Prompt
Scan the entries below, and for each line that includes the word "Longrightarrow", make a copy.

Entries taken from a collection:
----

(* For $n\ge2$ and all $P,Q\in\Gamma_n$, $D_{hI}(P\|Q)\le \frac12 D_{TJ}(P\|Q)$.
   Context: $\Gamma_n=\{P=(p_1,\dots,p_n): p_i>0,\ \sum p_i=1\}$. $h(P\|Q)=\frac12\sum_{i=1}^n(\sqrt{p_i}-\sqrt{q_i})^2$; $I(P\|Q)=\frac12\Big[\sum_{i=1}^n p_i\ln\frac{2p_i}{p_i+q_i}+\sum_{i=1}^n q_i\ln\frac{2q_i}{p_i+q_i}\Big]$; $J(P\|Q)=\sum_{i=1}^n(p_i-q_i)\ln\frac{p_i}{q_i}$; $T(P\|Q)=\sum_{i=1}^n\frac{p_i+q_i}{2}\ln\frac{p_i+q_i}{2\sqrt{p_iq_i}}$. $D_{hI}=h-I$, $D_{TJ}=T-\frac18J$. *)

theory Defs
  imports Complex_Main
begin

definition Gamma :: "nat \<Rightarrow> (nat \<Rightarrow> real) set" where
  "Gamma n = {p. (\<forall>i<n. p i > 0) \<and> (\<Sum>i<n. p i) = 1}"

definition hell :: "nat \<Rightarrow> (nat \<Rightarrow> real) \<Rightarrow> (nat \<Rightarrow> real) \<Rightarrow> real" where
  "hell n p q = 1/2 * (\<Sum>i<n. (sqrt (p i) - sqrt (q i))^2)"

definition jsI :: "nat \<Rightarrow> (nat \<Rightarrow> real) \<Rightarrow> (nat \<Rightarrow> real) \<Rightarrow> real" where
  "jsI n p q = 1/2 * ((\<Sum>i<n. p i * ln (2 * p i / (p i + q i)))
                    + (\<Sum>i<n. q i * ln (2 * q i / (p i + q i))))"

definition jJ :: "nat \<Rightarrow> (nat \<Rightarrow> real) \<Rightarrow> (nat \<Rightarrow> real) \<Rightarrow> real" where
  "jJ n p q = (\<Sum>i<n. (p i - q i) * ln (p i / q i))"

definition amgT :: "nat \<Rightarrow> (nat \<Rightarrow> real) \<Rightarrow> (nat \<Rightarrow> real) \<Rightarrow> real" where
  "amgT n p q = (\<Sum>i<n. (p i + q i) / 2 * ln ((p i + q i) / (2 * sqrt (p i * q i))))"

definition D_hI :: "nat \<Rightarrow> (nat \<Rightarrow> real) \<Rightarrow> (nat \<Rightarrow> real) \<Rightarrow> real" where
  "D_hI n p q = hell n p q - jsI n p q"

definition D_TJ :: "nat \<Rightarrow> (nat \<Rightarrow> real) \<Rightarrow> (nat \<Rightarrow> real) \<Rightarrow> real" where
  "D_TJ n p q = amgT n p q - 1/8 * jJ n p q"

end

theory Submission
  imports Defs
begin

text \<open>
  The inequality holds term by term. Writing \<open>p = s\<^sup>2\<close>, \<open>q = r\<^sup>2\<close> and \<open>t = s / r\<close>, half the \<open>D_TJ\<close>-summand minus the
  \<open>D_hI\<close>-summand equals \<open>r\<^sup>2 gap(t)\<close>, where \<open>gap(1) = 0\<close> and \<open>gap'(t) = t gap_slope(t)\<close>
  with \<open>gap_slope(1) = 0\<close> and \<open>gap_slope'(t) = (t - 1)\<^sup>4 / (4 t\<^sup>3 (t\<^sup>2 + 1)) \<ge> 0\<close>.
  Hence \<open>gap'\<close> changes sign from negative to positive at \<open>t = 1\<close>, so \<open>gap\<close> is minimal there.
\<close>

lemma DERIV_sign_change_imp_min:
  fixes f f' :: "real \<Rightarrow> real"
  assumes deriv: "\<And>y. a < y \<Longrightarrow> (f has_real_derivative f' y) (at y)"
    and nonpos: "\<And>y. a < y \<Longrightarrow> y \<le> c \<Longrightarrow> f' y \<le> 0"
    and nonneg: "\<And>y. c \<le> y \<Longrightarrow> 0 \<le> f' y"
    and "a < c" "a < x"
  shows "f c \<le> f x"
proof (cases "x \<le> c")
  case True
  show ?thesis
    by (rule DERIV_nonpos_imp_nonincreasing[of x c f]) (use assms True in \<open>force+\<close>)
next
  case False
  show ?thesis
  proof (rule DERIV_nonneg_imp_nondecreasing[of c x f])
    fix y assume "c \<le> y"
    with \<open>a < c\<close> have "a < y"
      by linarith
    with \<open>c \<le> y\<close> show "\<exists>d. (f has_real_derivative d) (at y) \<and> 0 \<le> d"
      using deriv nonneg by blast
  qed (use False in simp)
qed

definition hI_term :: "real \<Rightarrow> real \<Rightarrow> real" where
  "hI_term a b = 1/2 * (sqrt a - sqrt b)^2 - 1/2 * (a * ln (2*a/(a+b)) + b * ln (2*b/(a+b)))"

definition TJ_term :: "real \<Rightarrow> real \<Rightarrow> real" where
  "TJ_term a b = (a+b)/2 * ln ((a+b)/(2*sqrt (a*b))) - 1/8 * ((a-b) * ln (a/b))"

lemma D_hI_eq_sum: "D_hI n p q = (\<Sum>i<n. hI_term (p i) (q i))"
  unfolding D_hI_def hell_def jsI_def hI_term_def
  by (simp add: sum_subtractf sum.distrib sum_distrib_left algebra_simps)

lemma D_TJ_eq_sum: "D_TJ n p q = (\<Sum>i<n. TJ_term (p i) (q i))"
  unfolding D_TJ_def amgT_def jJ_def TJ_term_def
  by (simp add: sum_subtractf sum_distrib_left)

definition gap :: "real \<Rightarrow> real" where
  "gap t = (5*t^2 - 1)/8 * ln t - (t^2 + 1)/4 * ln ((t^2 + 1)/2) - (t - 1)^2/2"

definition gap_slope :: "real \<Rightarrow> real" where
  "gap_slope t = 5/4 * ln t - 1/(8*t^2) - 1/2 * ln ((t^2 + 1)/2) - 7/8 + 1/t"

lemma gap_1 [simp]: "gap 1 = 0"
  by (simp add: gap_def)

lemma gap_slope_1 [simp]: "gap_slope 1 = 0"
  by (simp add: gap_slope_def)

lemma has_real_derivative_gap:
  assumes "t > 0"
  shows "(gap has_real_derivative t * gap_slope t) (at t)"
proof -
  have "t^2 + 1 > 0"
    using zero_le_power2[of t] by linarith
  then have "(80 * (t * ln t) + (40 * t^2 - 8) / t) / 64
      - (8 * (t * ln ((t^2 + 1) / 2)) + 8 * t) / 16 - (4 * t - 4) / 4 = t * gap_slope t"
    using assms unfolding gap_slope_def
    by (simp add: field_simps) (simp add: algebra_simps power2_eq_square eval_nat_numeral)
  with assms \<open>t^2 + 1 > 0\<close> show ?thesis
    unfolding gap_def by (auto intro!: derivative_eq_intros)
qed

lemma has_real_derivative_gap_slope:
  assumes "t > 0"
  shows "(gap_slope has_real_derivative (t - 1)^4 / (4 * t^3 * (t^2 + 1))) (at t)"
proof -
  have "t^2 + 1 > 0"
    using zero_le_power2[of t] by linarith
  then have "5 / (4 * t) + t / (4 * t^4) - 4 * t / (t^2 * 4 + 4) - 1 / (t * t)
      = (t - 1)^4 / (4 * t^3 * (t^2 + 1))"
    using assms by (simp add: divide_simps) (simp add: algebra_simps eval_nat_numeral)
  with assms \<open>t^2 + 1 > 0\<close> show ?thesis
    unfolding gap_slope_def by (auto intro!: derivative_eq_intros)
qed

lemma gap_slope_mono:
  assumes "0 < x" "x \<le> y"
  shows "gap_slope x \<le> gap_slope y"
proof (rule DERIV_nonneg_imp_nondecreasing[OF \<open>x \<le> y\<close>])
  fix z assume "x \<le> z"
  with assms have "z > 0" by simp
  then show "\<exists>d. (gap_slope has_real_derivative d) (at z) \<and> 0 \<le> d"
    using has_real_derivative_gap_slope by (force simp: add_pos_nonneg)
qed

lemma gap_nonneg:
  assumes "t > 0"
  shows "0 \<le> gap t"
proof -
  have nonpos: "y * gap_slope y \<le> 0" if "0 < y" "y \<le> 1" for y
    using gap_slope_mono[OF that] that by (simp add: mult_nonneg_nonpos)
  have nonneg: "0 \<le> y * gap_slope y" if "1 \<le> y" for y
    using gap_slope_mono[of 1 y] that by simp
  have "gap 1 \<le> gap t"
    by (rule DERIV_sign_change_imp_min[OF has_real_derivative_gap nonpos nonneg]) (use assms in auto)
  then show ?thesis
    by simp
qed

lemma half_TJ_term_minus_hI_term:
  fixes s r :: real
  assumes s: "s > 0" and r: "r > 0"
  shows "TJ_term (s^2) (r^2) / 2 - hI_term (s^2) (r^2) = r^2 * gap (s/r)"
proof -
  have S: "s^2 + r^2 > 0"
    using s r by (simp add: add_pos_pos)
  have sqrt_eqs: "sqrt (s^2) = s" "sqrt (r^2) = r" "sqrt (s^2 * r^2) = s * r"
    using s r by (simp_all add: real_sqrt_mult)
  have quotient_eq: "((s/r)^2 + 1)/2 = (s^2 + r^2)/(2*r^2)"
    using r by (simp add: field_simps)
  have ln_eqs:
    "ln (2*s^2/(s^2 + r^2)) = ln 2 + 2*ln s - ln (s^2 + r^2)"
    "ln (2*r^2/(s^2 + r^2)) = ln 2 + 2*ln r - ln (s^2 + r^2)"
    "ln ((s^2 + r^2)/(2*(s*r))) = ln (s^2 + r^2) - ln 2 - ln s - ln r"
    "ln (s^2/r^2) = 2*ln s - 2*ln r"
    "ln (s/r) = ln s - ln r"
    "ln ((s^2 + r^2)/(2*r^2)) = ln (s^2 + r^2) - ln 2 - 2*ln r"
    using s r S by (simp_all add: ln_div ln_mult ln_realpow)
  show ?thesis
    unfolding TJ_term_def hI_term_def gap_def quotient_eq sqrt_eqs ln_eqs using r
    by (simp add: field_simps power2_eq_square)
qed

lemma hI_term_le_half_TJ_term:
  fixes a b :: real
  assumes "a > 0" "b > 0"
  shows "hI_term a b \<le> TJ_term a b / 2"
proof -
  have roots: "0 < sqrt a" "0 < sqrt b"
    using assms by simp_all
  then have "0 \<le> sqrt b ^ 2 * gap (sqrt a / sqrt b)"
    by (simp add: gap_nonneg)
  then have "0 \<le> TJ_term (sqrt a ^ 2) (sqrt b ^ 2) / 2 - hI_term (sqrt a ^ 2) (sqrt b ^ 2)"
    by (simp only: half_TJ_term_minus_hI_term[OF roots])
  moreover have "sqrt a ^ 2 = a" "sqrt b ^ 2 = b"
    using assms by simp_all
  ultimately show ?thesis
    by (metis diff_ge_0_iff_ge)
qed

theorem proposition5p3:
  fixes n :: nat and p q :: "nat \<Rightarrow> real"
  assumes "n \<ge> 2" and "p \<in> Gamma n" and "q \<in> Gamma n"
  shows "D_hI n p q \<le> 1/2 * D_TJ n p q"
proof -
  have "(\<Sum>i<n. hI_term (p i) (q i)) \<le> (\<Sum>i<n. TJ_term (p i) (q i) / 2)"
  proof (rule sum_mono)
    fix i assume "i \<in> {..<n}"
    with assms(2,3) show "hI_term (p i) (q i) \<le> TJ_term (p i) (q i) / 2"
      by (intro hI_term_le_half_TJ_term) (auto simp: Gamma_def)
  qed
  then show ?thesis
    by (simp add: D_hI_eq_sum D_TJ_eq_sum sum_divide_distrib)
qed

end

----

Solution to this exercise
  assumes deriv: "\<And>y. a < y \<Longrightarrow> (f has_real_derivative f' y) (at y)"
    and nonpos: "\<And>y. a < y \<Longrightarrow> y \<le> c \<Longrightarrow> f' y \<le> 0"
    and nonneg: "\<And>y. c \<le> y \<Longrightarrow> 0 \<le> f' y"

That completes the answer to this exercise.